April 20, 2007
Overcoming a Taboo: Implementing CONTROL During Scent Work
In a recent issue of Police K-9 Magazine (Spring, 2007), a K9 handler submitted a question concerning training his dog to overcome distractions during narcotics searches:
“I have a 20-month-old male Malinois. He started training at 14 months and was certified in narcotics at about 17 months. He seems to have good drives, will hunt forever, loves the ball, etc. However, he is easily distracted. The trainer says the dog will get over that as he matures, but I have not seen any improvement yet. Anything will take him off task- a bird flying overhead, any noise, or people walking or cars driving by. It is very hard to do a search with him on a car stopped next to the highway. Any suggestions to get him more focused?”
The question was highlighted in the “Training Perspectives Q&A” section of the magazine and received responses in the form of advice from three on-staff Trainers (pp.14-16). The advice ranged from accepting that the dog was genetically inferior and “replacing” it, to putting a turtle-neck sweater over the dog’s head to create “blinders” so it is forced to use its nose during a search instead of its eyes.
It is with the deepest respect for all of these trainers and their experience that I humbly ask the following question:
Why don’t you just enforce the command you gave your dog?
When we command our dogs to sit and they choose to lie down, we enforce our command in some fashion. When we command our dogs to release from an apprehension and they choose not to, we enforce our command in some manner. But when we command our dogs to “find-fetch” and they blow us off, we scratch our heads and wonder if our dog should be washed out of service. For some reason, it has become gospel that you don’t command your dog to search, you ask it to search and hope that it’s in a good mood. Why?

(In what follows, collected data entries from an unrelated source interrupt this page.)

lemma pmf_run_tests_True_le:
  assumes "(k, p) \<in> set ts"
  shows "pmf (run_tests ts) True \<le> pmf (maj_test k p) True"
  using assms
proof (induction ts)
  case (Cons t ts)
  obtain k' p' where t: "t = (k', p')" by fastforce
  have "pmf (run_tests (t # ts)) True = pmf (maj_test k' p') True * pmf (run_tests ts) True"
    unfolding t by (rule pmf_run_tests_Cons_True)
  moreover have "\<dots> \<le> pmf (maj_test k' p') True" "\<dots> \<le> pmf (run_tests ts) True"
    by (simp_all add: mult_left_le mult_left_le_one_le pmf_le_1)
  ultimately show ?case using Cons by (auto simp: t)
qed simp

lemma pmf_run_tests_False_le:
  "pmf (run_tests ts) False \<le> (\<Sum>(k, p)\<leftarrow>ts. pmf (maj_test k p) False)"
proof (induction ts)
  case (Cons t ts)
  obtain k p where t: "t = (k, p)" by fastforce
  define a where "a = pmf (maj_test k p) True"
  define b where "b = pmf (run_tests ts) True"
  have "0 \<le> (1 - a) * (1 - b)" by (simp add: a_def b_def pmf_le_1)
  then have "1 - a * b \<le> (1 - a) + (1 - b)" by (simp add: algebra_simps)
  moreover have "pmf (run_tests (t # ts)) True = a * b"
    unfolding t a_def b_def by (rule pmf_run_tests_Cons_True)
  ultimately show ?case using Cons by (simp add: t pmf_False_conv_True a_def b_def)
qed simp

lemma measure_multi_phase_Cons:
  "measure_pmf.prob (multi_phase T (x # xs)) (Some ` A) =
     (if x \<in> A then pmf (run_tests (T x)) True else 0)
     + pmf (run_tests (T x)) False * measure_pmf.prob (multi_phase T xs) (Some ` A)"
  unfolding multi_phase.simps measure_pmf_bind_bool by (simp add: image_iff)

lemma multi_phase_failure_le:
  assumes "distinct xs" "G \<subseteq> A"
  shows "1 - measure_pmf.prob (multi_phase T xs) (Some ` A)
    \<le> (\<Sum>x\<in>set xs - A. pmf (run_tests (T x)) True) + (\<Prod>x\<in>set xs \<inter> G. pmf (run_tests (T x)) False)"
  using assms(1)
proof (induction xs)
  case (Cons x xs)
  define f where "f = pmf (run_tests (T x)) True"
  define Q where "Q = 1 - measure_pmf.prob (multi_phase T xs) (Some ` A)"
  define S where "S = (\<Sum>x\<in>set xs - A. pmf (run_tests (T x)) True)"
  define P where "P = (\<Prod>x\<in>set xs \<inter> G. pmf (run_tests (T x)) False)"
  have IH: "Q \<le> S + P" using Cons unfolding Q_def S_def P_def by simp
  have "0 \<le> f" "f \<le> 1" "0 \<le> Q" "0 \<le> S"
    by (auto simp: f_def Q_def S_def pmf_le_1 sum_nonneg)
  then have "(1 - f) * Q \<le> Q" "(1 - f) * S \<le> S" "(1 - f) * Q \<le> (1 - f) * S + (1 - f) * P"
    using IH by (auto simp: mult_left_le_one_le simp flip: distrib_left intro: mult_left_mono)
  moreover have "1 - measure_pmf.prob (multi_phase T (x # xs)) (Some ` A)
      = (if x \<in> A then 0 else f) + (1 - f) * Q"
    unfolding measure_multi_phase_Cons by (simp add: f_def Q_def pmf_False_conv_True algebra_simps)
  moreover have "(\<Sum>x\<in>set (x # xs) - A. pmf (run_tests (T x)) True) = (if x \<in> A then S else f + S)"
    using Cons.prems by (auto simp: S_def f_def insert_Diff_if)
  moreover have "(\<Prod>x\<in>set (x # xs) \<inter> G. pmf (run_tests (T x)) False) = (if x \<in> G then (1 - f) * P else P)"
    using Cons.prems by (simp add: P_def f_def pmf_False_conv_True)
  ultimately show ?case using IH assms(2) by auto
qed simp

lemma multi_phase_failure_le_uniform:
  assumes "distinct xs" "G \<subseteq> A" "G \<subseteq> set xs" "0 \<le> \<beta>"
    and "\<And>x. x \<in> set xs - A \<Longrightarrow> pmf (run_tests (T x)) True \<le> \<beta>"
    and "\<And>x. x \<in> G \<Longrightarrow> pmf (run_tests (T x)) False \<le> \<gamma>"
  shows "1 - measure_pmf.prob (multi_phase T xs) (Some ` A) \<le> real (length xs) * \<beta> + \<gamma> ^ card G"
proof -
  have "(\<Sum>x\<in>set xs - A. pmf (run_tests (T x)) True) \<le> real (card (set xs - A)) * \<beta>"
    using assms(5) by (rule sum_bounded_above)
  also have "\<dots> \<le> real (length xs) * \<beta>"
  proof -
    have "card (set xs - A) \<le> length xs" by (meson Diff_subset card_mono card_length finite_set order_trans)
    then show ?thesis using assms(4) by (intro mult_right_mono) auto
  qed
  finally have bad: "(\<Sum>x\<in>set xs - A. pmf (run_tests (T x)) True) \<le> real (length xs) * \<beta>" .
  have "(\<Prod>x\<in>set xs \<inter> G. pmf (run_tests (T x)) False) = (\<Prod>x\<in>G. pmf (run_tests (T x)) False)"
    using assms(3) by (simp add: Int_absorb1)
  also have "\<dots> \<le> (\<Prod>x\<in>G. \<gamma>)"
    using assms(6) by (intro prod_mono) auto
  finally have good: "(\<Prod>x\<in>set xs \<inter> G. pmf (run_tests (T x)) False) \<le> \<gamma> ^ card G"
    by simp
  from bad good multi_phase_failure_le[OF assms(1,2), of T] show ?thesis by linarith
qed

lemma bij_betw_rank:
  fixes S :: "'a::linorder set"
  assumes "finite S"
  shows "bij_betw (\<lambda>x. card {y\<in>S. y < x}) S {..<card S}"
proof -
  define r where "r x = card {y\<in>S. y < x}" for x
  have rank_less: "r x < r y" if "x \<in> S" "y \<in> S" "x < y" for x y
  proof -
    have "{z\<in>S. z < x} \<subset> {z\<in>S. z < y}" using that by auto
    then show ?thesis unfolding r_def using assms by (intro psubset_card_mono) auto
  qed
  have "inj_on r S"
    by (metis (no_types, lifting) inj_onI linorder_neqE rank_less order_less_irrefl)
  moreover have "r ` S \<subseteq> {..<card S}"
  proof
    fix i assume "i \<in> r ` S"
    then obtain x where x: "x \<in> S" "i = r x" by auto
    have "{y\<in>S. y < x} \<subset> S" using x by auto
    then show "i \<in> {..<card S}" unfolding x r_def using assms by (auto intro: psubset_card_mono)
  qed
  ultimately have "r ` S = {..<card S}"
    by (intro card_subset_eq) (auto simp: card_image)
  with \<open>inj_on r S\<close> show ?thesis unfolding r_def bij_betw_def by simp
qed

lemma card_filter_rank:
  fixes S :: "'a::linorder set"
  assumes "finite S"
  shows "card {x\<in>S. card {y\<in>S. y < x} < K} = min (card S) K"
proof -
  define r where "r x = card {y\<in>S. y < x}" for x
  have bij: "bij_betw r S {..<card S}"
    unfolding r_def using assms by (rule bij_betw_rank)
  have "r ` {x\<in>S. r x < K} = {i\<in>r ` S. i < K}" by auto
  also have "\<dots> = {..<min (card S) K}" using bij_betw_imp_surj_on[OF bij] by auto
  finally have "bij_betw r {x\<in>S. r x < K} {..<min (card S) K}"
    using bij by (rule bij_betw_subset[rotated 2]) auto
  then show ?thesis unfolding r_def by (simp add: bij_betw_same_card)
qed

lemma card_Sminus:
  fixes S :: "'a::linorder set"
  assumes "finite S"
  shows "card (Sminus \<rho> S) = min (card S) (nat \<lceil>\<rho> * real (card S)\<rceil>)"
  unfolding Sminus_def using assms by (rule card_filter_rank)

lemma Sminus_mono:
  assumes "\<rho> \<le> \<sigma>"
  shows "Sminus \<rho> S \<subseteq> Sminus \<sigma> S"
proof -
  have "nat \<lceil>\<rho> * real (card S)\<rceil> \<le> nat \<lceil>\<sigma> * real (card S)\<rceil>"
    using assms by (intro nat_mono ceiling_mono mult_right_mono) auto
  then show ?thesis unfolding Sminus_def by (blast intro: order_less_le_trans)
qed

lemma eta_le:
  assumes "2 \<le> n"
  shows "real (eta n) \<le> 2 + log 2 (real n)"
proof -
  have log_ge_1: "1 \<le> log 2 (real n)" using assms by simp
  then have "log 2 (real n / log 2 (real n)) \<le> log 2 (real n)"
    using assms by (subst log_le_cancel_iff) (auto simp: divide_le_eq)
  then show ?thesis using log_ge_1 unfolding eta_def by linarith
qed

lemma two_pow_eta_ge:
  assumes "2 \<le> n"
  shows "2 * (real n / log 2 (real n)) \<le> 2 ^ eta n"
proof -
  define M where "M = real n / log 2 (real n)"
  have "0 < M" unfolding M_def using assms by simp
  then have "M = 2 powr (log 2 M)" by simp
  also have "\<dots> \<le> 2 powr (real (nat \<lceil>log 2 M\<rceil>))" by (intro powr_mono) (auto, linarith)
  also have "\<dots> = 2 ^ nat \<lceil>log 2 M\<rceil>" by (simp add: powr_realpow)
  finally show ?thesis unfolding eta_def M_def by simp
qed
(* Let $g:\{\pm1\}^{m_1}\times\{\pm1\}^{m_2}\to\{\pm1\}$ be a gadget with $\hat g(S,T)=0$ whenever $S=\emptyset$ or $T=\emptyset$. Then for all $k,d,n$, $$L_{1,k}(g,d,m_1,m_2,n)\le\Bigl(\sum_{S,T}|\hat g(S,T)|\Bigr)^{k}L_{1,k}(\mathrm{XOR},d,1,1,n)\le 2^{(m_1+m_2)k/2}L_{1,k}(\mathrm{XOR},d,1,1,n).$$
   Context: $\hat g(S,T)=\mathbb{E}[g(\mathbf{x},\mathbf{y})\prod_{j\in S}\mathbf{x}_j\prod_{j\in T}\mathbf{y}_j]$ for uniform $\mathbf{x}\in\{\pm1\}^{m_1},\mathbf{y}\in\{\pm1\}^{m_2}$, and the sum is over all $S\subseteq[m_1],T\subseteq[m_2]$. For a randomized two-party protocol $\mathcal{C}:(\{\pm1\}^{m_1})^n\times(\{\pm1\}^{m_2})^n\to[-1,1]$ (value = expected output over internal randomness; inputs are $n$ blocks $x_i\in\{\pm1\}^{m_1}$, $y_i\in\{\pm1\}^{m_2}$), its $g$-fiber is $\mathcal{C}_{\downarrow g}(z)=\mathbb{E}[\mathcal{C}(\mathbf{x},\mathbf{y})\mid g(\mathbf{x}_i,\mathbf{y}_i)=z_i\ \forall i]$ for uniform $\mathbf{x},\mathbf{y}$. For $f:\{\pm1\}^n\to\mathbb{R}$, $L_{1,k}(f)=\sum_{|I|=k}|\hat f(I)|$. $L_{1,k}(g,d,m_1,m_2,n)$ denotes the supremum of $L_{1,k}(\mathcal{C}_{\downarrow g})$ over all such randomized protocols with at most $d$ bits of communication. $\mathrm{XOR}:\{\pm1\}\times\{\pm1\}\to\{\pm1\}$ is the gadget $\mathrm{XOR}(a,b)=ab$ (so $m_1=m_2=1$). *)

theory Defs
  imports "HOL-Probability.Probability"
begin

definition cube :: "nat \<Rightarrow> (nat \<Rightarrow> real) set" where
  "cube m = ({..<m} \<rightarrow>\<^sub>E {-1, 1})"

definition ghat :: "((nat \<Rightarrow> real) \<Rightarrow> (nat \<Rightarrow> real) \<Rightarrow> real) \<Rightarrow> nat \<Rightarrow> nat
    \<Rightarrow> nat set \<Rightarrow> nat set \<Rightarrow> real" where
  "ghat g m1 m2 S T = (\<Sum>x\<in>cube m1. \<Sum>y\<in>cube m2.
      g x y * (\<Prod>j\<in>S. x j) * (\<Prod>j\<in>T. y j)) / 2 ^ (m1 + m2)"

Please don’t misunderstand. I am not condoning extreme physical corrections, or in any way downplaying the role of positive, drive building training methods. Self rewards, self learning and motivational techniques are extremely important and play a key role in my personal training. But, in my opinion, the dog blows off the handler’s command because he has consistently been allowed to. He is obviously extremely prey-driven and has discovered that the things going on around him are more exciting than the task he has been commanded to perform. In this situation I would:
A) make the task as fun as possible as the other trainers have suggested.
B) make the dog understand that it doesn’t matter that there is something more exciting going on around him, he has a task to perform and a job to do.

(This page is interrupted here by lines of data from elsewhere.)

(* Let $H$ be a bipartite graph with $m$ edges and width $w$. Then for every graph $G$, $$t_H(G) \geq t_{K_2}(G)^{m+w}.$$
   Context: All graphs are finite and simple. A homomorphism from $H$ to $G$ is a map $f:V(H)\to V(G)$ sending edges to edges; $h_H(G)$ is the number of homomorphisms and $t_H(G)=h_H(G)/|V(G)|^{|V(H)|}$. $K_2$ is a single edge. Width: for a connected bipartite graph $H$ with parts $V_1,V_2$, let $\bar H$ be the bipartite graph with parts $V_1,V_2$ in which $(v_1,v_2)\in V_1\times V_2$ is an edge if and only if it is not an edge of $H$; the width of $H$ is the minimum degree of $\bar H$. If $H$ is not connected, its width is the sum of the widths of its connected components. *)

theory Defs
  imports Complex_Main "HOL-Library.FuncSet"
begin

definition graph :: "'a set \<Rightarrow> 'a set set \<Rightarrow> bool" where
  "graph V E \<longleftrightarrow> finite V \<and> (\<forall>e\<in>E. \<exists>u\<in>V. \<exists>v\<in>V. u \<noteq> v \<and> e = {u, v})"

definition hom_count :: "'a set \<Rightarrow> 'a set set \<Rightarrow> 'b set \<Rightarrow> 'b set set \<Rightarrow> nat" where
  "hom_count VH EH VG EG =
     card {f \<in> VH \<rightarrow>\<^sub>E VG. \<forall>u v. {u, v} \<in> EH \<longrightarrow> {f u, f v} \<in> EG}"

definition hom_density :: "'a set \<Rightarrow> 'a set set \<Rightarrow> 'b set \<Rightarrow> 'b set set \<Rightarrow> real" where
  "hom_density VH EH VG EG = real (hom_count VH EH VG EG) / real (card VG) ^ card VH"

definition K2_V :: "nat set" where "K2_V = {0, 1}"
definition K2_E :: "nat set set" where "K2_E = {{0, 1}}"

definition bipartition :: "'a set \<Rightarrow> 'a set set \<Rightarrow> 'a set \<Rightarrow> 'a set \<Rightarrow> bool" where
  "bipartition V E V1 V2 \<longleftrightarrow> V1 \<inter> V2 = {} \<and> V1 \<union> V2 = V \<and>
     (\<forall>e\<in>E. \<exists>a\<in>V1. \<exists>b\<in>V2. e = {a, b})"

definition bipartite :: "'a set \<Rightarrow> 'a set set \<Rightarrow> bool" where
  "bipartite V E \<longleftrightarrow> (\<exists>V1 V2. bipartition V E V1 V2)"

text \<open>Width of a connected bipartite graph: minimum degree of the bipartite complement
  with respect to its bipartition (unique up to swapping the parts, which does not matter).\<close>
definition conn_width :: "'a set \<Rightarrow> 'a set set \<Rightarrow> nat" where
  "conn_width V E =
     (let p = (SOME p. bipartition V E (fst p) (snd p)); V1 = fst p; V2 = snd p in
      Min ((\<lambda>v. card {u \<in> V2. {v, u} \<notin> E}) ` V1 \<union> (\<lambda>v. card {u \<in> V1. {v, u} \<notin> E}) ` V2))"

definition adj :: "'a set set \<Rightarrow> 'a \<Rightarrow> 'a \<Rightarrow> bool" where
  "adj E u v \<longleftrightarrow> {u, v} \<in> E"

definition components :: "'a set \<Rightarrow> 'a set set \<Rightarrow> 'a set set" where
  "components V E = {{u \<in> V. (adj E)\<^sup>*\<^sup>* v u} | v. v \<in> V}"

definition width :: "'a set \<Rightarrow> 'a set set \<Rightarrow> nat" where
  "width V E = (\<Sum>C\<in>components V E. conn_width C {e \<in> E. e \<subseteq> C})"

end

(*
  Homomorphism counts are multiplicative over connected components and the width is additive,
  so it suffices to treat one component C with parts X and Y.  Choose a vertex r, say in X,
  with the least number w of non-neighbours in Y.  Joining r to all of Y gives a supergraph H'
  with e(C) + w edges, so h_C(G) >= h_H'(G), and H' has a vertex complete to the other side,
  for which Sidorenko's inequality h_H'(G) >= n^|V(H')| p^e(H') holds (Conlon, Fox and
  Sudakov).  It is proved by the entropy method: send r to a vertex x drawn from the
  stationary distribution deg/vol and the vertices of Y to independent uniform neighbours of x;
  every other vertex u then has codeg(N(u)) possible images, and weighted AM-GM together with
  Gibbs' inequality bounds the expected logarithms of deg x and of these codegrees.
*)

theory Submission
  imports Defs
begin

section \<open>Gibbs' inequality\<close>

lemma gibbs_inequality:
  fixes p q :: "'i \<Rightarrow> real"
  assumes "\<And>i. i \<in> I \<Longrightarrow> 0 \<le> p i" and "\<And>i. i \<in> I \<Longrightarrow> 0 \<le> q i"
    and "\<And>i. i \<in> I \<Longrightarrow> 0 < p i \<Longrightarrow> 0 < q i" and "sum q I \<le> sum p I"
  shows "(\<Sum>i\<in>I. p i * ln (q i)) \<le> (\<Sum>i\<in>I. p i * ln (p i))"
proof -
  have pointwise: "p i * ln (q i) \<le> p i * ln (p i) + (q i - p i)" if "i \<in> I" for i
  proof (cases "p i = 0")
    case True
    then show ?thesis using assms(2)[OF that] by simp
  next
    case False
    then have p: "0 < p i" using assms(1)[OF that] by simp
    then have q: "0 < q i" using assms(3)[OF that] by simp
    have "p i * ln (q i / p i) \<le> p i * (q i / p i - 1)"
      using p q by (intro mult_left_mono ln_le_minus_one) auto
    then show ?thesis using p q by (simp add: ln_div algebra_simps)
  qed
  have "(\<Sum>i\<in>I. p i * ln (q i)) \<le> (\<Sum>i\<in>I. p i * ln (p i) + (q i - p i))"
    by (intro sum_mono pointwise)
  also have "\<dots> = (\<Sum>i\<in>I. p i * ln (p i)) + (sum q I - sum p I)"
    by (simp add: sum.distrib sum_subtractf)
  finally show ?thesis using assms(4) by linarith
qed

text \<open>From Gibbs' inequality, comparing \<open>q\<close> with the distribution proportional to \<open>q i * a i\<close>.\<close>
lemma weighted_am_gm:
  fixes q a :: "'i \<Rightarrow> real"
  assumes "finite I" and q_nonneg: "\<And>i. i \<in> I \<Longrightarrow> 0 \<le> q i" and "sum q I = 1"
    and a_pos: "\<And>i. i \<in> I \<Longrightarrow> 0 < q i \<Longrightarrow> 0 < a i"
  shows "exp (\<Sum>i\<in>I. q i * ln (a i)) \<le> (\<Sum>i\<in>I. q i * a i)"
proof -
  define s where "s = (\<Sum>i\<in>I. q i * a i)"
  have qa_nonneg: "0 \<le> q i * a i" if "i \<in> I" for i
    using q_nonneg[OF that] a_pos[OF that] by (cases "q i = 0") auto
  have "\<exists>j\<in>I. 0 < q j"
  proof (rule ccontr)
    assume "\<not> (\<exists>j\<in>I. 0 < q j)"
    then have "sum q I \<le> 0" by (intro sum_nonpos) (simp add: not_less)
    then show False using \<open>sum q I = 1\<close> by simp
  qed
  then obtain j where j: "j \<in> I" "0 < q j" by blast
  have "0 < q j * a j" using j a_pos by simp
  also have "\<dots> \<le> s" unfolding s_def using \<open>finite I\<close> j(1) qa_nonneg by (intro member_le_sum) auto
  finally have s: "0 < s" .
  have "(\<Sum>i\<in>I. q i * ln (q i * a i / s)) \<le> (\<Sum>i\<in>I. q i * ln (q i))"
  proof (rule gibbs_inequality)
    show "(\<Sum>i\<in>I. q i * a i / s) \<le> sum q I"
      using s \<open>sum q I = 1\<close> by (simp add: s_def flip: sum_divide_distrib)
    show "0 \<le> q i * a i / s" if "i \<in> I" for i
      using qa_nonneg[OF that] s by simp
    show "0 < q i * a i / s" if "i \<in> I" "0 < q i" for i
      using that a_pos s by simp
  qed (use q_nonneg in simp)
  moreover have "(\<Sum>i\<in>I. q i * ln (q i * a i / s)) =
      (\<Sum>i\<in>I. q i * ln (q i) + q i * ln (a i) - q i * ln s)"
  proof (rule sum.cong)
    fix i assume i: "i \<in> I"
    show "q i * ln (q i * a i / s) = q i * ln (q i) + q i * ln (a i) - q i * ln s"
    proof (cases "q i = 0")
      case False
      then have "0 < q i" using q_nonneg[OF i] by simp
      then show ?thesis using a_pos[OF i] s by (simp add: ln_mult ln_div algebra_simps)
    qed simp
  qed simp
  ultimately have "(\<Sum>i\<in>I. q i * ln (q i) + q i * ln (a i) - q i * ln s) \<le> (\<Sum>i\<in>I. q i * ln (q i))"
    by simp
  then have "(\<Sum>i\<in>I. q i * ln (a i)) \<le> ln s"
    using \<open>sum q I = 1\<close> by (simp add: sum.distrib sum_subtractf flip: sum_distrib_right)
  then show ?thesis using s by (simp add: s_def ln_ge_iff)
qed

I fully understand and expect these statements to draw sneers and worse from my fellow trainers. The taboo of implementing control into search work is deeply ingrained and accepted. I also understand that each dog is different and some dogs are more sensative than others. But if the above mentioned dog indeed has the level of drives described by its handler, there is absolutely no reason to believe that a proper program of enforcement and attention to command would reduce its desire to search. The details of such a program are too many to delve into in this article. This is not a “how-to” article. Rather, it is a challenge to a common dog training commandment. I hope that it is taken with the respect it has been written.

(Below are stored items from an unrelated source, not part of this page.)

lemma finite_spanning_subset:
  fixes V :: "'x \<Rightarrow> nat \<Rightarrow> real"
  shows "\<exists>Y. finite Y \<and> Y \<subseteq> A \<and> (\<forall>y\<in>Y. \<exists>j<n. V y j \<noteq> 0) \<and>
           (\<forall>x\<in>A. \<exists>e. \<forall>j<n. V x j = (\<Sum>y\<in>Y. e y * V y j))"
proof (induction n arbitrary: V A)
  case 0
  show ?case by (intro exI[of _ "{}"]) auto
next
  case (Suc n)
  show ?case
  proof (cases "\<forall>x\<in>A. V x n = 0")
    case True
    obtain Y where Y: "finite Y" "Y \<subseteq> A" "\<forall>y\<in>Y. \<exists>j<n. V y j \<noteq> 0"
        "\<forall>x\<in>A. \<exists>e. \<forall>j<n. V x j = (\<Sum>y\<in>Y. e y * V y j)"
      using Suc.IH[of A V] by blast
    have "\<exists>e. \<forall>j<Suc n. V x j = (\<Sum>y\<in>Y. e y * V y j)" if "x \<in> A" for x
    proof -
      obtain e where "\<forall>j<n. V x j = (\<Sum>y\<in>Y. e y * V y j)" using Y(4) \<open>x \<in> A\<close> by blast
      moreover have "V x n = (\<Sum>y\<in>Y. e y * V y n)"
        using True Y(2) \<open>x \<in> A\<close> by (simp add: subset_iff)
      ultimately have "\<forall>j<Suc n. V x j = (\<Sum>y\<in>Y. e y * V y j)" by (auto simp: less_Suc_eq)
      then show ?thesis by blast
    qed
    moreover have "\<exists>j<Suc n. V y j \<noteq> 0" if "y \<in> Y" for y
      using Y(3) that less_SucI by blast
    ultimately show ?thesis using Y(1,2) by (intro exI[of _ Y]) simp
  next
    case False
    then obtain x0 where "x0 \<in> A" "V x0 n \<noteq> 0" by blast
    \<comment> \<open>Gaussian elimination of the last coordinate against the pivot x0.\<close>
    define W where "W y j = V y j - V y n / V x0 n * V x0 j" for y j
    obtain Y where Y: "finite Y" "Y \<subseteq> A - {x0}" "\<forall>y\<in>Y. \<exists>j<n. W y j \<noteq> 0"
        "\<forall>x\<in>A - {x0}. \<exists>e. \<forall>j<n. W x j = (\<Sum>y\<in>Y. e y * W y j)"
      using Suc.IH[of "A - {x0}" W] by blast
    have "\<exists>e. \<forall>j<n. W x j = (\<Sum>y\<in>Y. e y * W y j)" if "x \<in> A" for x
    proof (cases "x = x0")
      case True
      then show ?thesis using \<open>V x0 n \<noteq> 0\<close> by (intro exI[of _ "\<lambda>_. 0"]) (simp add: W_def)
    qed (use Y(4) \<open>x \<in> A\<close> in blast)
    then have "\<exists>e. \<forall>j<Suc n. V x j = (\<Sum>y\<in>insert x0 Y. e y * V y j)" if "x \<in> A" for x
      using pivot_elimination_span[of V x0 n Y, OF \<open>V x0 n \<noteq> 0\<close> Y(1)] Y(2) that
      unfolding W_def by blast
    moreover have "\<exists>j<Suc n. V y j \<noteq> 0" if "y \<in> Y" for y
    proof (rule ccontr)
      assume "\<not> ?thesis"
      then have "W y j = 0" if "j < n" for j using that by (simp add: W_def)
      then show False using Y(3) \<open>y \<in> Y\<close> by blast
    qed
    moreover have "\<exists>j<Suc n. V x0 j \<noteq> 0" using \<open>V x0 n \<noteq> 0\<close> by blast
    ultimately show ?thesis
      using Y(1,2) \<open>x0 \<in> A\<close> by (intro exI[of _ "insert x0 Y"]) auto
  qed
qed

lemma gram_schmidt_step:
  assumes r: "\<forall>y\<in>Y. dot n r (V y) = 0" and b': "\<forall>y\<in>Y. dot n b' (V y) = 0"
    and V_b: "V b = (\<lambda>j. b' j + (\<Sum>y\<in>Y. c y * V y j))"
  shows "\<forall>y\<in>insert b Y. dot n (\<lambda>j. r j - dot n r b' / dot n b' b' * b' j) (V y) = 0"
proof -
  define \<kappa> where "\<kappa> = dot n r b' / dot n b' b'"
  \<comment> \<open>If b' vanishes then so does dot n r b', and \<kappa> = 0 by the convention x / 0 = 0.\<close>
  have "dot n r b' = \<kappa> * dot n b' b'"
  proof (cases "dot n b' b' = 0")
    case True
    then have "b' j = 0" if "j < n" for j using dot_self_eq_0 that by blast
    then show ?thesis using True by (simp add: dot_def)
  qed (simp add: \<kappa>_def)
  define \<rho> where "\<rho> = (\<lambda>j. r j - \<kappa> * b' j)"
  have \<rho>_Y: "dot n \<rho> (V y) = 0" if "y \<in> Y" for y
    using that r b' by (simp add: \<rho>_def dot_diff_left dot_scale_left)
  have "dot n \<rho> (V b) = dot n \<rho> b' + (\<Sum>y\<in>Y. c y * dot n \<rho> (V y))"
    unfolding V_b by (simp only: dot_add_right dot_sum_right)
  also have "\<dots> = 0"
    using \<rho>_Y \<open>dot n r b' = \<kappa> * dot n b' b'\<close> by (simp add: \<rho>_def dot_diff_left dot_scale_left dot_commute)
  finally show ?thesis using \<rho>_Y unfolding \<rho>_def \<kappa>_def by blast
qed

In this video I show how I apply control during a narcotics search using a remote collar. There are two separate marijuana hides in different cars. My dog, like the above handler’s dog, is highly prey-prey driven and visually oriented. He was initially trained with traditional purely positive methods. He is cross-trained for patrol and very driven for a bite sleeve. I use a clatter stick in the video because he associates it with bite work agitation. I stim my dog with each command to search and when he shows interest in me, the bite sleeve, or environmental noise and movement. In total, he was stimmed 7 times combined in these video clips. He was rewarded with a ball on a string for his scratch alert.
3 Comments on Overcoming a Taboo: Implementing CONTROL During Scent Work »
April 24, 2007
Konnie Hein @ 12:00 pm:
Jerry - Do you get to a point where the dog will completely ignore the distractions (through repetition of the exercise) in the absence of the collar/stim, or is the collar always required?
StellanK9 @ 10:40 pm:
I read the same article and one thing I have learned over the years is there is only thing two trainers can agree on and that is that the third trainer is wrong. I never have handled or trained a detection dog, only patrol dogs. But one thing I remember from my basic handler’s course what that obdience is the cornerstone of everything we do. Obdience translates to control. Maybe the dogs knows that he can get away with it so he doesn’t worry about not doing what he was told.
June 6, 2007
Jerry Turning @ 6:43 pm:
Hi Konnie,
I’m a huge believer in “generalization” in dog training. I think through exposure to large amount of distractions and environmental pressure, a dog can become highly reliable and consistent under some pretty severe conditions. I have never seen a completely “finished” dog, however. And I know a lot of good, experienced decoys that could humble me in a second and prove my dog is far from perfect. As you can see in the video, he is still a prey monster and has a lot of work to do. But I guess I’ll keep him.
When are we getting together again? I had a blast!